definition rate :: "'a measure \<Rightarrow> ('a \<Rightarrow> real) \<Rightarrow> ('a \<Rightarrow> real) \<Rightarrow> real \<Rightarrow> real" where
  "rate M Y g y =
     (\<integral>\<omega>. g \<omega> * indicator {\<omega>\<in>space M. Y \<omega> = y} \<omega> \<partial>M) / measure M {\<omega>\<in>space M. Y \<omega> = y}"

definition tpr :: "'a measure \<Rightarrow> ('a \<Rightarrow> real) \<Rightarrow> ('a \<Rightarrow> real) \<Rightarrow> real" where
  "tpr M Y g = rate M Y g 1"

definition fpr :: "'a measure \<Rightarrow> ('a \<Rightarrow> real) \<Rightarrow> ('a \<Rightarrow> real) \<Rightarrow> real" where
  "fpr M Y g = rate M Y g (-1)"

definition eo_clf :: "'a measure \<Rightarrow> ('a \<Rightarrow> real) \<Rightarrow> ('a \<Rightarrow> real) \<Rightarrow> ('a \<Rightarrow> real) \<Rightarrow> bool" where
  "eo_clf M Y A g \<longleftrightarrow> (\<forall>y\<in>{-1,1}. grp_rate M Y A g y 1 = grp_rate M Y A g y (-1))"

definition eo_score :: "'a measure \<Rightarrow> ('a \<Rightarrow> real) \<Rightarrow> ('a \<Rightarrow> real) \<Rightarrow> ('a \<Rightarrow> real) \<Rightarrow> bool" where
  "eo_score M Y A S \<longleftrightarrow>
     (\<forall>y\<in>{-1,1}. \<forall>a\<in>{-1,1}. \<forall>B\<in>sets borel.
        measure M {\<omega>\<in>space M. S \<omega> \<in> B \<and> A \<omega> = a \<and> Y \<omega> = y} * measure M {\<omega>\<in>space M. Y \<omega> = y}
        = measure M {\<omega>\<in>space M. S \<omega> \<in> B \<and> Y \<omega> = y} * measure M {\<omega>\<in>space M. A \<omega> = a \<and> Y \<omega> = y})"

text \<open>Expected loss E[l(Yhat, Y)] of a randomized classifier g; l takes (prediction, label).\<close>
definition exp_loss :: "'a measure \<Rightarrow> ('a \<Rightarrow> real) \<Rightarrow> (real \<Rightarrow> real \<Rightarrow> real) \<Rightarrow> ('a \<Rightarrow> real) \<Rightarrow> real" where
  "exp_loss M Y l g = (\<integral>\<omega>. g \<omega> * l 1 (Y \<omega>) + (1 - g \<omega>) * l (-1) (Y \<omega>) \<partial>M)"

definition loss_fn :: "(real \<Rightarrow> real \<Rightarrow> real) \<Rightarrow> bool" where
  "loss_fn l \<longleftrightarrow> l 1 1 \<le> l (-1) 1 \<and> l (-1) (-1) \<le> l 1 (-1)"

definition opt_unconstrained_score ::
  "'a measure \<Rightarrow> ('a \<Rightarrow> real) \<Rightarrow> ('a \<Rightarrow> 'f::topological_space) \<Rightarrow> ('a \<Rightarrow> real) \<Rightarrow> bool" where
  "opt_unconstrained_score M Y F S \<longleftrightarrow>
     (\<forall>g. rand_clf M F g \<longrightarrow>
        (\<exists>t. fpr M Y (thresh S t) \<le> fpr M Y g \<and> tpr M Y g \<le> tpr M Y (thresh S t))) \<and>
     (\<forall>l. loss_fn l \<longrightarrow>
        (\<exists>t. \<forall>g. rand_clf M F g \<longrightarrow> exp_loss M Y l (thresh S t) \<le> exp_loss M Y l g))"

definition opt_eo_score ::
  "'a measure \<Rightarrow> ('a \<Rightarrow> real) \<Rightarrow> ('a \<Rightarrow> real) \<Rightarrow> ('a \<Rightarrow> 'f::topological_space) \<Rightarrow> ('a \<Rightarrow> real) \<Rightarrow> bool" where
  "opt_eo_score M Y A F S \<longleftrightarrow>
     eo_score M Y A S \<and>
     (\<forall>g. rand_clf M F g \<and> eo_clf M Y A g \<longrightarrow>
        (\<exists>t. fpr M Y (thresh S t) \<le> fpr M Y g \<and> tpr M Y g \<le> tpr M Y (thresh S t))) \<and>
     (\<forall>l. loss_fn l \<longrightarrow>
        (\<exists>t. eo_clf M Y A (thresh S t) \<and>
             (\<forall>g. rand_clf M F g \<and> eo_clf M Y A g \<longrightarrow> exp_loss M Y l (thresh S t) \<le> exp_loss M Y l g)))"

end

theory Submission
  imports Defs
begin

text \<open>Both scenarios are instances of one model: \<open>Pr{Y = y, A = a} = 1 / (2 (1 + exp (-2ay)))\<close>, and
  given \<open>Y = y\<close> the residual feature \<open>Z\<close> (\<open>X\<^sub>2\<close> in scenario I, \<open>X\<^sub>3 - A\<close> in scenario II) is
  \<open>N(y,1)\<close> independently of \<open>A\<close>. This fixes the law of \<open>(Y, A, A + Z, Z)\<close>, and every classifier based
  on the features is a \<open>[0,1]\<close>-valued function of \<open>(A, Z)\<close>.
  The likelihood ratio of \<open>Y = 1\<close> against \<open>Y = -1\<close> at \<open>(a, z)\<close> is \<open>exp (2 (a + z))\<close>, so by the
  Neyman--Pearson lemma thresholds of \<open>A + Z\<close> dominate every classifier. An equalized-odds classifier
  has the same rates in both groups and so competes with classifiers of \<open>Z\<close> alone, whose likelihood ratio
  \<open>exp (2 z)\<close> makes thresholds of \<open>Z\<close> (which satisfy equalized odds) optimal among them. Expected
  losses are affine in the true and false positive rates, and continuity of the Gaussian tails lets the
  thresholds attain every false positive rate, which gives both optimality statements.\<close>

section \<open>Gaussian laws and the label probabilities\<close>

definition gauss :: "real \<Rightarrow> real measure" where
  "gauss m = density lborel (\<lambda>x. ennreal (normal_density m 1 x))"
========================================
(Aim of the task):
Could you show every line of the listing that holds the string "label"?

(Response to the task):
text \<open>Expected loss E[l(Yhat, Y)] of a randomized classifier g; l takes (prediction, label).\<close>
section \<open>Gaussian laws and the label probabilities\<close>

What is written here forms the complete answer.